*** INFORMATION SUPPLIED Section Begins ***
lemma P0_linear:
  assumes f: "L-lipschitz_on UNIV f" and g: "K-lipschitz_on UNIV g"
  shows "P0 t (\<lambda>x. a * f x + b * g x) = (\<lambda>x. a * P0 t f x + b * P0 t g x)"
proof (cases "t = 0")
  case False
  then show ?thesis
    using integrable_gumbel_lipschitz_max[OF f] integrable_gumbel_lipschitz_max[OF g]
    by (simp add: P0_eq_integral fun_eq_iff)
qed (simp add: P0_0)

lemma P0_semigroup:
  assumes f: "L-lipschitz_on UNIV f" and "0 \<le> t" "0 \<le> s"
  shows "P0 t (P0 s f) = P0 (t + s) f"
proof (cases "t = 0 \<or> s = 0")
  case False
  with assms have "0 < t" "0 < s"
    by auto
  let ?c = "\<lambda>t. ln (1 - exp (- t))"
  have shifts: "ln (exp (?c t - s) + exp (?c s)) = ?c (t + s)"
  proof -
    have "exp (?c t) = 1 - exp (- t)" "exp (?c s) = 1 - exp (- s)"
      using \<open>0 < t\<close> \<open>0 < s\<close> by simp_all
    then have "exp (?c t - s) + exp (?c s) = (1 - exp (- t)) * exp (- s) + (1 - exp (- s))"
      by (simp add: exp_diff exp_minus divide_inverse)
    also have "\<dots> = 1 - exp (- (t + s))"
      by (simp add: algebra_simps flip: exp_add)
    finally show ?thesis
      by simp
  qed
  show ?thesis
  proof
    fix x
    let ?h = "\<lambda>w. f (max (x - t - s) w)"
    have h: "L-lipschitz_on UNIV ?h"
      by (rule lipschitz_on_compose_nonexpansive[OF f]) (auto simp: max_def)
    have "P0 t (P0 s f) x
        = (\<integral>z2. (\<integral>z1. ?h (max (z2 + (?c t - s)) (z1 + ?c s)) \<partial>gumbel) \<partial>gumbel)"
      using False by (simp add: P0_eq_integral max_diff_distrib_left max.assoc algebra_simps)
    also have "\<dots> = (\<integral>z. ?h (z + ?c (t + s)) \<partial>gumbel)"
      unfolding integral_max_gumbel_pair[OF h] shifts ..
    also have "\<dots> = P0 (t + s) f x"
      using \<open>0 < t\<close> \<open>0 < s\<close> by (simp add: P0_eq_integral algebra_simps)
    finally show "P0 t (P0 s f) x = P0 (t + s) f x" .
  qed
qed (auto simp: P0_0)

lemma P0_gumbel_invariant:
  assumes f: "L-lipschitz_on UNIV f" and "0 \<le> t"
  shows "(\<integral>z. P0 t f z \<partial>gumbel) = (\<integral>z. f z \<partial>gumbel)"
proof (cases "t = 0")
  case False
  let ?c = "ln (1 - exp (- t))"
  have "(\<integral>z. P0 t f z \<partial>gumbel) = (\<integral>z. (\<integral>w. f (max (z + (- t)) (w + ?c)) \<partial>gumbel) \<partial>gumbel)"
    using False by (simp add: P0_eq_integral)
  also have "\<dots> = (\<integral>z. f (z + ln (exp (- t) + exp ?c)) \<partial>gumbel)"
    by (rule integral_max_gumbel_pair[OF f])
  also have "ln (exp (- t) + exp ?c) = 0"
    using False \<open>0 \<le> t\<close> by simp
  finally show ?thesis
    by simp
qed (simp add: P0_0)

lemma abs_max_shift_le:
  fixes x z t :: real
  assumes "1 \<le> t"
  shows "\<bar>max (x - t) (z + ln (1 - exp (- t)))\<bar> \<le> \<bar>x\<bar> + \<bar>z\<bar> - ln (1 - exp (- 1))"
proof -
  have "exp (- t) \<le> exp (- 1)" "exp (- t) < 1"
    using assms by auto
  then have "ln (1 - exp (- 1)) \<le> ln (1 - exp (- t))"
    by (subst ln_le_cancel_iff) auto
  moreover have "ln (1 - exp (- t)) \<le> 0"
    using \<open>exp (- t) < 1\<close> by simp
  ultimately show ?thesis
    using assms by linarith
qed

lemma max_shift_tendsto:
  fixes x z :: real
  shows "((\<lambda>t. max (x - t) (z + ln (1 - exp (- t)))) \<longlongrightarrow> z) at_top"
proof -
  have "((\<lambda>t. z + ln (1 - exp (- t))) \<longlongrightarrow> z) at_top"
    by real_asymp
  moreover have "\<forall>\<^sub>F t in at_top. x - t < z + ln (1 - exp (- t))"
    by real_asymp
  ultimately show ?thesis
    by (rule Lim_transform_eventually[OF _ eventually_mono]) auto
qed

lemma P0_tendsto_gumbel_integral:
  assumes f: "L-lipschitz_on UNIV f"
  shows "((\<lambda>t. P0 t f x) \<longlongrightarrow> (\<integral>z. f z \<partial>gumbel)) at_top"
proof -
  have [measurable]: "f \<in> borel_measurable borel"
    using f by measurable
  let ?s = "\<lambda>t z. f (max (x - t) (z + ln (1 - exp (- t))))"
  let ?w = "\<lambda>z. \<bar>f 0\<bar> + L * (\<bar>x\<bar> + \<bar>z\<bar> - ln (1 - exp (- 1)))"
  have "((\<lambda>t. integral\<^sup>L gumbel (?s t)) \<longlongrightarrow> integral\<^sup>L gumbel f) at_top"
  proof (rule integral_dominated_convergence_at_top[where w="?w"])
    show "integrable gumbel ?w"
      by (intro Bochner_Integration.integrable_add integrable_mult_right Bochner_Integration.integrable_diff
          integrable_gumbel_abs) auto
    show "AE z in gumbel. ((\<lambda>t. ?s t z) \<longlongrightarrow> f z) at_top"
      using lipschitz_on_continuous_on[OF f]
      by (intro AE_I2 isCont_tendsto_compose[OF _ max_shift_tendsto])
        (simp add: continuous_on_eq_continuous_at)
    show "\<forall>\<^sub>F t in at_top. AE z in gumbel. norm (?s t z) \<le> ?w z"
    proof (rule eventually_mono[OF eventually_ge_at_top[of 1]], intro AE_I2)
      fix t z :: real
      assume "1 \<le> t"
      then have "L * \<bar>max (x - t) (z + ln (1 - exp (- t)))\<bar> \<le> L * (\<bar>x\<bar> + \<bar>z\<bar> - ln (1 - exp (- 1)))"
        by (intro mult_left_mono abs_max_shift_le lipschitz_on_nonneg[OF f])
      then show "norm (?s t z) \<le> ?w z"
        unfolding real_norm_def
        using lipschitz_on_UNIV_abs_le[OF f, of "max (x - t) (z + ln (1 - exp (- t)))"] by linarith
    qed
  qed auto
  moreover have "\<forall>\<^sub>F t in at_top. integral\<^sup>L gumbel (?s t) = P0 t f x"
    by (rule eventually_mono[OF eventually_gt_at_top[of 0]]) (simp add: P0_eq_integral)
  ultimately show ?thesis
    by (rule Lim_transform_eventually)
qed

section \<open>Regularity of \<open>P0 t f\<close>\<close>

lemma has_real_derivative_integral_max_gumbel:
  assumes f: "L-lipschitz_on UNIV f" and D: "(f has_real_derivative D) (at y)"
  shows "((\<lambda>x. \<integral>z. f (max x (z + c)) \<partial>gumbel) has_real_derivative D * gumbel_cdf (y - c)) (at y)"
proof -
  have [measurable]: "f \<in> borel_measurable borel"
    using f by measurable
  let ?q = "\<lambda>h z. (f (max (y + h) (z + c)) - f (max y (z + c))) / h"
  have lim: "((\<lambda>h. \<integral>z. ?q h z \<partial>gumbel) \<longlongrightarrow> (\<integral>z. D * indicator {..<y - c} z \<partial>gumbel)) (at 0)"
  proof (rule integral_dominated_convergence_at[where w="\<lambda>_. L"])
    have "AE z in gumbel. z \<noteq> y - c"
      using emeasure_gumbel_singleton by (intro AE_I'[of "{y - c}"]) auto
    then show "AE z in gumbel. ((\<lambda>h. ?q h z) \<longlongrightarrow> D * indicator {..<y - c} z) (at 0)"
    proof (rule eventually_mono)
      fix z
      assume "z \<noteq> y - c"
      then have pointwise: "((\<lambda>h. ?q h z) \<longlongrightarrow> (if z + c < y then D else 0)) (at 0)"
        by (intro difference_quotient_max_tendsto[OF D]) auto
      have "D * indicator {..<y - c} z = (if z + c < y then D else 0)"
        by (simp add: indicator_def less_diff_eq)
      with pointwise show "((\<lambda>h. ?q h z) \<longlongrightarrow> D * indicator {..<y - c} z) (at 0)"
        by (simp only:)
    qed
    show "AE z in gumbel. norm (?q h z) \<le> L" for h
      using abs_difference_quotient_max_le[OF f] by simp
  qed auto
  have quotient: "(\<lambda>h. \<integral>z. ?q h z \<partial>gumbel)
      = (\<lambda>h. ((\<integral>z. f (max (y + h) (z + c)) \<partial>gumbel) - (\<integral>z. f (max y (z + c)) \<partial>gumbel)) / h)"
    using integrable_gumbel_lipschitz_max[OF f] by (simp add: fun_eq_iff)
  have limit: "(\<integral>z. D * indicator {..<y - c} z \<partial>gumbel) = D * gumbel_cdf (y - c)"
    using measure_gumbel_lessThan by simp
  from lim show ?thesis
    unfolding quotient limit DERIV_def by simp
qed
lemma level_of_mixed:
  assumes "mixed j"
  shows "level j \<in> {1..CARD('n)}" "p (lead j) \<notin> F (level j - 1)" "\<not> mixed (level j)"
proof -
  have j: "j \<in> {1..CARD('n)}"
    using assms unfolding mixed_def by simp
  have W_part: "lead j - p (lead j) \<in> W"
    using proj_along[OF decomp] by simp
  have "level j \<noteq> 0"
  proof
    assume "level j = 0"
    then have "lead j \<in> W"
      using lead[OF j] full_flag_bot[OF flag] W_part by auto
    then show False
      using assms lead[OF j] unfolding mixed_def by auto
  qed
  then show lev: "level j \<in> {1..CARD('n)}"
    using lead[OF j] by auto
  show jump: "p (lead j) \<notin> F (level j - 1)"
    using level_le[OF lead(1,2)[OF j], of "level j - 1"] lev by auto
  show "\<not> mixed (level j)"
    using lead(3)[OF j] jump proj_along(1)[OF decomp] unfolding mixed_def by blast
qed

text \<open>Since p (lead j) jumps at the level k of j, every vector of F k is a multiple of
  p (lead j) modulo F (k - 1).\<close>

lemma level_space_decomp:
  assumes "mixed j" "u \<in> F (level j)"
  obtains c where "u - c *s p (lead j) \<in> F (level j - 1)"
proof -
  have j: "j \<in> {1..CARD('n)}" and k: "level j \<in> {1..CARD('n)}"
    using assms(1) level_of_mixed(1) unfolding mixed_def by auto
  have "vec.subspace (F (level j - 1))"
    using k full_flag_subspace(1)[OF flag, of "level j - 1"] by auto
  then have span_k: "vec.span (F (level j - 1)) = F (level j - 1)"
    by simp
  have "F (level j) = vec.span (insert (p (lead j)) (F (level j - 1)))"
    using full_flag_step[OF flag k span_k lead(3)[OF j] level_of_mixed(2)[OF assms(1)]] ..
  with assms(2) show ?thesis
    using that unfolding vec.span_insert span_k by auto
qed

text \<open>Distinct mixed steps have distinct levels: otherwise subtracting a suitable
  multiple of the earlier lead vector from the later one lowers its level.\<close>

lemma level_inj: "inj_on level (Collect mixed)"
proof -
  have False if mix: "mixed j" "mixed j'" and same: "level j = level j'" and "j < j'" for j j'
  proof -
    have j': "j' \<in> {1..CARD('n)}" and j: "j \<in> {1..CARD('n)}"
      using mix unfolding mixed_def by auto
    have sub_j': "vec.subspace (F j')" "vec.subspace (F (j' - 1))"
      using j' full_flag_subspace(1)[OF flag] by auto
    obtain c where c: "p (lead j') - c *s p (lead j) \<in> F (level j - 1)"
      using level_space_decomp[OF mix(1)] lead(3)[OF j'] same by metis
    define z where "z = lead j' - c *s lead j"
    have "F j \<subseteq> F (j' - 1)"
      using full_flag_mono[OF flag, of j "j' - 1"] \<open>j < j'\<close> j' by auto
    then have earlier: "lead j \<in> F (j' - 1)"
      using lead(1)[OF j] by blast
    then have "lead j \<in> F j'"
      using full_flag_mono[OF flag, of "j' - 1" j'] j' by auto
    then have "z \<in> F j'"
      unfolding z_def using lead(1)[OF j'] sub_j'(1) vec.subspace_diff vec.subspace_scale by blast
    moreover have "z \<notin> F (j' - 1)"
      unfolding z_def using notin_subspace_diff_scale[OF sub_j'(2) lead(2)[OF j'] earlier] .
    moreover have "p z \<in> F (level j - 1)"
      using c proj_along_diff_scale[OF decomp] unfolding z_def by simp
    ultimately have "level j' \<le> level j - 1"
      by (rule level_le)
    then show False
      using same level_of_mixed(1)[OF mix(2)] by auto
  qed
  then show ?thesis
    by (metis inj_onI linorder_neqE_nat mem_Collect_eq)
qed

definition partner :: "nat \<Rightarrow> nat" where
  "partner i = (THE j. mixed j \<and> level j = i)"

lemma partner_level: "mixed j \<Longrightarrow> partner (level j) = j"
  unfolding partner_def by (rule the_equality) (auto dest: inj_onD[OF level_inj])

definition flag_vec :: "nat \<Rightarrow> complex ^ 'n" where
  "flag_vec i =
     (if mixed i then lead i
      else if i \<in> level ` Collect mixed then p (lead (partner i))
      else SOME y. y \<in> F i \<and> y \<notin> F (i - 1) \<and> (y \<in> U \<or> y \<in> W))"

lemma flag_vec_level: "mixed j \<Longrightarrow> flag_vec (level j) = p (lead j)"
  using level_of_mixed(3) partner_level unfolding flag_vec_def by auto

lemma flag_vec_jumps:
  assumes "i \<in> {1..CARD('n)}"
  shows "flag_vec i \<in> F i \<and> flag_vec i \<notin> F (i - 1)"
    and "\<not> mixed i \<Longrightarrow> flag_vec i \<in> U \<or> flag_vec i \<in> W"
proof -
  consider (mixed) "mixed i" | (level) j where "mixed j" "i = level j"
    | (pure) "\<not> mixed i" "i \<notin> level ` Collect mixed" by blast
  then have "(flag_vec i \<in> F i \<and> flag_vec i \<notin> F (i - 1)) \<and>
             (\<not> mixed i \<longrightarrow> flag_vec i \<in> U \<or> flag_vec i \<in> W)"
  proof cases
    case mixed
    then have "flag_vec i = lead i"
      unfolding flag_vec_def by simp
    then show ?thesis
      using lead(1,2)[OF assms] level_of_mixed(3) mixed by auto
  next
    case level
    then have "flag_vec i = p (lead j)" "j \<in> {1..CARD('n)}"
      using flag_vec_level unfolding mixed_def by auto
    then show ?thesis
      using lead(3) level_of_mixed(2,3) proj_along(1)[OF decomp] level by auto
  next
    case pure
    then have "\<exists>y. y \<in> F i \<and> y \<notin> F (i - 1) \<and> (y \<in> U \<or> y \<in> W)"
      using assms unfolding mixed_def by blast
    from someI_ex[OF this] show ?thesis
      using pure unfolding flag_vec_def by auto
  qed
  then show "flag_vec i \<in> F i \<and> flag_vec i \<notin> F (i - 1)"
    and "\<not> mixed i \<Longrightarrow> flag_vec i \<in> U \<or> flag_vec i \<in> W" by auto
qed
*** INFORMATION SUPPLIED Section Ends ***
◆ **EXERCISE GOAL**:
Everything from the line with "j \<subseteq> F" through the line with "unfolding z_def using lead(1)[OF" in the listing above must be retyped exactly, with nothing added.

◆ **EXPECTED OUTPUT**:
    have "F j \<subseteq> F (j' - 1)"
      using full_flag_mono[OF flag, of j "j' - 1"] \<open>j < j'\<close> j' by auto
    then have earlier: "lead j \<in> F (j' - 1)"
      using lead(1)[OF j] by blast
    then have "lead j \<in> F j'"
      using full_flag_mono[OF flag, of "j' - 1" j'] j' by auto
    then have "z \<in> F j'"
      unfolding z_def using lead(1)[OF j'] sub_j'(1) vec.subspace_diff vec.subspace_scale by blast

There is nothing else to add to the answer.